Try it => Gather the lines below that include the string "remainder", copying each in full.

[Stored data]

== Segment start ==

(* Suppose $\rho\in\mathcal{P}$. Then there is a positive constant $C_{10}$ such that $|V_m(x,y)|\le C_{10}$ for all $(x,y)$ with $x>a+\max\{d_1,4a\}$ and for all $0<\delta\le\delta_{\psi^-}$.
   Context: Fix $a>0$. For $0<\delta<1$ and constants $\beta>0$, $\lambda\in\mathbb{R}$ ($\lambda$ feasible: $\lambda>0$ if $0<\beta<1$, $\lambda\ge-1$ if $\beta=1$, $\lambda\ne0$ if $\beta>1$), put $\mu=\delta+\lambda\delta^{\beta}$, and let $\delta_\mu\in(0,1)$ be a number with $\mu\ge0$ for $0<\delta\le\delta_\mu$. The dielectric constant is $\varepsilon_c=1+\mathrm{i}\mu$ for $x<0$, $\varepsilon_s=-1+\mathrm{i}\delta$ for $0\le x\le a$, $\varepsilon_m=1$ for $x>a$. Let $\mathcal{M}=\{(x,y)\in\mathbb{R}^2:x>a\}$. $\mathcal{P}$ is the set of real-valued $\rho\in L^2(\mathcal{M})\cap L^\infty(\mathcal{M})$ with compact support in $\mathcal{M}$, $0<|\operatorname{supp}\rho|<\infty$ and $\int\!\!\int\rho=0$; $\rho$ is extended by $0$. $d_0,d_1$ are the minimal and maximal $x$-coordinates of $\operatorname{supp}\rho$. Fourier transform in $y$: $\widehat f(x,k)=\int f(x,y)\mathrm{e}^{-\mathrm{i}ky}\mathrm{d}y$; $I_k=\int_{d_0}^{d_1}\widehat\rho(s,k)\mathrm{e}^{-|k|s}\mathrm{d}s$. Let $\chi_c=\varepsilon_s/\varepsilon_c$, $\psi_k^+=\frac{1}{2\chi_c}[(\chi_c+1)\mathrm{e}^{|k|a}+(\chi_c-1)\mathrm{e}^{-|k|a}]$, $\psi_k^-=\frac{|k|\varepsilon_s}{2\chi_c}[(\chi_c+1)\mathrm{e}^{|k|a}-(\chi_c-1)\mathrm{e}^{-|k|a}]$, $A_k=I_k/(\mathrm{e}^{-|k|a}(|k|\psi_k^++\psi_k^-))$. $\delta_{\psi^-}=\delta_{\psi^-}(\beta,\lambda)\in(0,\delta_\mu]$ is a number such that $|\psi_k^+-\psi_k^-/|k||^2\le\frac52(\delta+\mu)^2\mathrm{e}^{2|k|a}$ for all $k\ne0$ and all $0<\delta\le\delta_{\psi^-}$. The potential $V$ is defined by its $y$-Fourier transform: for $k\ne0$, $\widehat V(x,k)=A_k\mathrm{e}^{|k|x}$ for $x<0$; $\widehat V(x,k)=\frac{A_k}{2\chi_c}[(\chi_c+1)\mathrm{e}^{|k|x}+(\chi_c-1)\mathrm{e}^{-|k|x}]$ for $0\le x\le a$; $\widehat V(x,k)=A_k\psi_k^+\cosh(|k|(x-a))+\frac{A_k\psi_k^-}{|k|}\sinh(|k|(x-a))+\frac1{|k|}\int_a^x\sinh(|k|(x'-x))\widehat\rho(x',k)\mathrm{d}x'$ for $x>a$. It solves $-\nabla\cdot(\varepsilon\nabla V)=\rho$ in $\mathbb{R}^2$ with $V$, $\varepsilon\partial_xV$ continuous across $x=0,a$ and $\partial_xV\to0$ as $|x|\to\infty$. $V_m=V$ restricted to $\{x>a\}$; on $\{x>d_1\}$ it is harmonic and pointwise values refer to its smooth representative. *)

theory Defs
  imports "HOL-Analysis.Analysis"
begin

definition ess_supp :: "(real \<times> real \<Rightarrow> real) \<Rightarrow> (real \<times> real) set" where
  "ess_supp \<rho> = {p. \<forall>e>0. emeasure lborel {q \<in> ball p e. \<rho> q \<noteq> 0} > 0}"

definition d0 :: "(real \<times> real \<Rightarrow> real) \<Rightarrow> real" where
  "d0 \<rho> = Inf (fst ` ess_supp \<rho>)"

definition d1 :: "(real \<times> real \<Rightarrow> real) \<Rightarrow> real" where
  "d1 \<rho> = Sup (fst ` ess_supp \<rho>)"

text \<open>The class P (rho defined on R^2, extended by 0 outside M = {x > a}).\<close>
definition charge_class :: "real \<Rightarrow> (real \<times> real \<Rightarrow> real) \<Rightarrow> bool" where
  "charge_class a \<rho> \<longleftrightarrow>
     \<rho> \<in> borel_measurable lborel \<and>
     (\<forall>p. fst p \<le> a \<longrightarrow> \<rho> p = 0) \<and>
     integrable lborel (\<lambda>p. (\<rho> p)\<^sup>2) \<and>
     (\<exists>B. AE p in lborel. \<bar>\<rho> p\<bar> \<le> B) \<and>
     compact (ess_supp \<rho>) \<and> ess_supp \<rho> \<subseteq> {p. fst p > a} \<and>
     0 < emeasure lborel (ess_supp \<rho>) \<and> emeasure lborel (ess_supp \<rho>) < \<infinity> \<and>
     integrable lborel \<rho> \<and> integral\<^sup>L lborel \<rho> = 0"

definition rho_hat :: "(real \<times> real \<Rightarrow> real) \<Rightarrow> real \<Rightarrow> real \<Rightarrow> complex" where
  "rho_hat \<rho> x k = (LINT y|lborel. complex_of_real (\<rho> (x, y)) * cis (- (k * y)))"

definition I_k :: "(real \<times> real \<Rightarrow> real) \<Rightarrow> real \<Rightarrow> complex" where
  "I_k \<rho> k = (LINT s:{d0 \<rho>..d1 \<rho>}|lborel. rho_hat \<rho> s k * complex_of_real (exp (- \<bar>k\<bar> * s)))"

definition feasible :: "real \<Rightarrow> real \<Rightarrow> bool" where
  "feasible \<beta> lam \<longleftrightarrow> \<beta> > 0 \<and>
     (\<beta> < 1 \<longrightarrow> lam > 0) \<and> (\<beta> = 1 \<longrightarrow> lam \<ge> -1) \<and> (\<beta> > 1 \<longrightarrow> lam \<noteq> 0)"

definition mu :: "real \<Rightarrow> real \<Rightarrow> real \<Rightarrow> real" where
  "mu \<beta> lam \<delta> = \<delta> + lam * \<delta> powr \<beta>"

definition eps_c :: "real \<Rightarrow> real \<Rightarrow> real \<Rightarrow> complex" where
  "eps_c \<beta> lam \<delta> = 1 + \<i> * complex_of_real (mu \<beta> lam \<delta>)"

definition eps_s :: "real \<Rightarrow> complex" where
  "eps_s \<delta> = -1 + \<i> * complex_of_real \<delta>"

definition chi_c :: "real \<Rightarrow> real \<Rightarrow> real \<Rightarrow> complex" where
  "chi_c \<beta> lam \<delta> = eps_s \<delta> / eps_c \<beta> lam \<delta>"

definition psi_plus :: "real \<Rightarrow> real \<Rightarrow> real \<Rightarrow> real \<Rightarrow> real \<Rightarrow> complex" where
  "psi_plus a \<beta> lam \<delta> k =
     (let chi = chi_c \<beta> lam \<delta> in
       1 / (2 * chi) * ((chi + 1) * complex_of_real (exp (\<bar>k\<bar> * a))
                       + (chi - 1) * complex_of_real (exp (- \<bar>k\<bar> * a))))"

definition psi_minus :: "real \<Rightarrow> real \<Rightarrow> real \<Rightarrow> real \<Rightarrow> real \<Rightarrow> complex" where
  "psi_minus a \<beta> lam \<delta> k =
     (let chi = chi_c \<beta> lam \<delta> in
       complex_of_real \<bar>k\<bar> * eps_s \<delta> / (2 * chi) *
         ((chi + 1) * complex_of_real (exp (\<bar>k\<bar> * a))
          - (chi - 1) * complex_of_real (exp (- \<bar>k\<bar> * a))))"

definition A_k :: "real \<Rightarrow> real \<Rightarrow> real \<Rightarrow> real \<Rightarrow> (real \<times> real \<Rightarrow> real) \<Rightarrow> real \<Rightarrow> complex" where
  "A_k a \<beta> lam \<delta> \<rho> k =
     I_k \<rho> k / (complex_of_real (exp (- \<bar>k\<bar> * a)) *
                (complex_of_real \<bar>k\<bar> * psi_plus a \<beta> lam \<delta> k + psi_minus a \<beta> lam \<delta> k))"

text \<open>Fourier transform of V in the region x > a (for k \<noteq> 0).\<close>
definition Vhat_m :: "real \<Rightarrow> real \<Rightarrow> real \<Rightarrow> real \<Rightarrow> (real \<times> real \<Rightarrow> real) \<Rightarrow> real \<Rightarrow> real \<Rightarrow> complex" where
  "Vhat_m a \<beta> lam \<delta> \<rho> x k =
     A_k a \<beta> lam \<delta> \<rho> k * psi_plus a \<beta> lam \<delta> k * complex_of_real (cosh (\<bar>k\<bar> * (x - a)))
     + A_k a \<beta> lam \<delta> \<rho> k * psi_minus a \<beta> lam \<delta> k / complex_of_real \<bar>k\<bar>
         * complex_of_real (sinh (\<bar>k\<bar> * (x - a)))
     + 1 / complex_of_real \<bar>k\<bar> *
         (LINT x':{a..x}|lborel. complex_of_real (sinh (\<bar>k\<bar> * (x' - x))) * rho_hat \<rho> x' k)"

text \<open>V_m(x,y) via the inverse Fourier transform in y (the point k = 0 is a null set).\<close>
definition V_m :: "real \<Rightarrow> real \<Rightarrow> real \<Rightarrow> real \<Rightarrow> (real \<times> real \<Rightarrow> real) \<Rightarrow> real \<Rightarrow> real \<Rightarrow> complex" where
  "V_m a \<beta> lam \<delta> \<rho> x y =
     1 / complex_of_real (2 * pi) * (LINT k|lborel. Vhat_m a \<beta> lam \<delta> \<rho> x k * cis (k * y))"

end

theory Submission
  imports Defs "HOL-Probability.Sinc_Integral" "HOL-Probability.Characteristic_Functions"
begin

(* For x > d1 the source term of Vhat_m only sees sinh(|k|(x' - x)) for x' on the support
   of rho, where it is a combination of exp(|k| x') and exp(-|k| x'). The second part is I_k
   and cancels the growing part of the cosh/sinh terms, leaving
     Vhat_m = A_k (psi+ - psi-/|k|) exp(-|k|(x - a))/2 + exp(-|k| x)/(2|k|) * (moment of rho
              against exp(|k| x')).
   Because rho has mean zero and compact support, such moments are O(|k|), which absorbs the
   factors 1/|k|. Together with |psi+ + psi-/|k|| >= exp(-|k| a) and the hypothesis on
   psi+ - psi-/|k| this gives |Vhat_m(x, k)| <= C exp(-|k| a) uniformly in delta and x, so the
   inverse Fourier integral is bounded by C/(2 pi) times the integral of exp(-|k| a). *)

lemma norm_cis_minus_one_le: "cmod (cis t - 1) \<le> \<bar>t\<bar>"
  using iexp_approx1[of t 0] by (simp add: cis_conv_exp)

== Segment end ==
== Segment start ==

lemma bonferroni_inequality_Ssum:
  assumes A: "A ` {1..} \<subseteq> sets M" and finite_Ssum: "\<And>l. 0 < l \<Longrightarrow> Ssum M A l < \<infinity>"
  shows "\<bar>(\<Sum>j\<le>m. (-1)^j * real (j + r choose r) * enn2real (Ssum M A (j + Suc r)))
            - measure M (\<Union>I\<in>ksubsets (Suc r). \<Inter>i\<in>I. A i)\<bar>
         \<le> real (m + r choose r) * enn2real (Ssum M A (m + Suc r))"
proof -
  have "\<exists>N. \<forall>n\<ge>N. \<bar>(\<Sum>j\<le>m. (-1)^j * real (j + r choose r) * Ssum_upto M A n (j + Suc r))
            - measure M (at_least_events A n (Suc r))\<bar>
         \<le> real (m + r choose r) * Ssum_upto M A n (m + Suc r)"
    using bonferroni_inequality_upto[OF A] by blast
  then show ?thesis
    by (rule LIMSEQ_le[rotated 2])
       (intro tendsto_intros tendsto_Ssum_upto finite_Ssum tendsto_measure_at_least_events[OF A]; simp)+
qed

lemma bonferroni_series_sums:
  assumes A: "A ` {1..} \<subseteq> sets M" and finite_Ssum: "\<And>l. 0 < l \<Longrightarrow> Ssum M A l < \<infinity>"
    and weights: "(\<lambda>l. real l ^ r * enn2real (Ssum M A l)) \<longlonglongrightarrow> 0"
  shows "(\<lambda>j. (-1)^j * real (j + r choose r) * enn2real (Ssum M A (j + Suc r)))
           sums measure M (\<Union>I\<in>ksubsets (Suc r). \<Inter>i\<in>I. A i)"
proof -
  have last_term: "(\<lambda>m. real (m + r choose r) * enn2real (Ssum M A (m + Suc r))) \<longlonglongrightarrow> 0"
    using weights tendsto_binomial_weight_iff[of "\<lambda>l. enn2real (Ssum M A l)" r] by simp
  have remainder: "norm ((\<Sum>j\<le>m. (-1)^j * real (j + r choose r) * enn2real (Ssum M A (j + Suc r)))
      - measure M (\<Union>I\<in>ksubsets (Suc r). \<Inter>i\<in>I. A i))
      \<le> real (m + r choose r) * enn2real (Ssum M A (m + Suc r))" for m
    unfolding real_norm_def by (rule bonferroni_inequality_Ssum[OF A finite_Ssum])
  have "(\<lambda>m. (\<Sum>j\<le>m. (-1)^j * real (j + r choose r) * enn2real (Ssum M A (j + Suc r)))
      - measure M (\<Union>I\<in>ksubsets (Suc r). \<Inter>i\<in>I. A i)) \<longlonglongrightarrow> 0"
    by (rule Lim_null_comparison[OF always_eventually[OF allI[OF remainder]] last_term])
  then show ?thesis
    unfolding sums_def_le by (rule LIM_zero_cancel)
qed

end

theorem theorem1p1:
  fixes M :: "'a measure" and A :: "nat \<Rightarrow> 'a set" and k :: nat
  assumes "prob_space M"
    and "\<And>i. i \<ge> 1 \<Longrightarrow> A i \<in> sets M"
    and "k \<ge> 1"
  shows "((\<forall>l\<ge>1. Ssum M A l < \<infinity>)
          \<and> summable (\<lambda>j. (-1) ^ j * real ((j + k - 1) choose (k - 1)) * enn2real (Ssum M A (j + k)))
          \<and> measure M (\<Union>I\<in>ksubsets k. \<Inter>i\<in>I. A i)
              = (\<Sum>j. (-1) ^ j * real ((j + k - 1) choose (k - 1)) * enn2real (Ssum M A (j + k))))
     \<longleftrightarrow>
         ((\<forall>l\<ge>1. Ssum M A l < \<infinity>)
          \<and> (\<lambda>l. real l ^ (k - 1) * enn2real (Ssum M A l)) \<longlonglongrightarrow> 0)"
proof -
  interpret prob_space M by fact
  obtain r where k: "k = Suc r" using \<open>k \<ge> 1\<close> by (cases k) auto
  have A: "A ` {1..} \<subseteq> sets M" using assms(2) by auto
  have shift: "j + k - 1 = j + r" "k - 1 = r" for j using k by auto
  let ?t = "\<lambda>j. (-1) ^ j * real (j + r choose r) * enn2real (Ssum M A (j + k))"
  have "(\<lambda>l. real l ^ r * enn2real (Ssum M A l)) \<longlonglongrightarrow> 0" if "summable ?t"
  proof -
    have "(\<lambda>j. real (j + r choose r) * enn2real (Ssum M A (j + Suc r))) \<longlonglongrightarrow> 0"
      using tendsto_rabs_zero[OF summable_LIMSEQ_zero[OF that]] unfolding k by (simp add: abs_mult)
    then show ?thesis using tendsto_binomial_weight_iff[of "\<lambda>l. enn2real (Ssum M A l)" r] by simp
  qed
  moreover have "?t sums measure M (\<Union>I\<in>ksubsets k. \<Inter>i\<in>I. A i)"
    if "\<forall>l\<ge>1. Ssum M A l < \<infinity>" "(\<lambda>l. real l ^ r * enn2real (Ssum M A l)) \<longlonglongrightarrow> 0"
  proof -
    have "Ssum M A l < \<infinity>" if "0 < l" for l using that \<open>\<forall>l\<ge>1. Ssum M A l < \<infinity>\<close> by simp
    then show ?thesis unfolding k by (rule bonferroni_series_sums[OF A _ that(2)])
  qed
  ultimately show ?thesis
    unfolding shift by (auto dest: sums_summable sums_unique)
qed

== Segment end ==

Written response =>
  have remainder: "norm ((\<Sum>j\<le>m. (-1)^j * real (j + r choose r) * enn2real (Ssum M A (j + Suc r)))
    by (rule Lim_null_comparison[OF always_eventually[OF allI[OF remainder]] last_term])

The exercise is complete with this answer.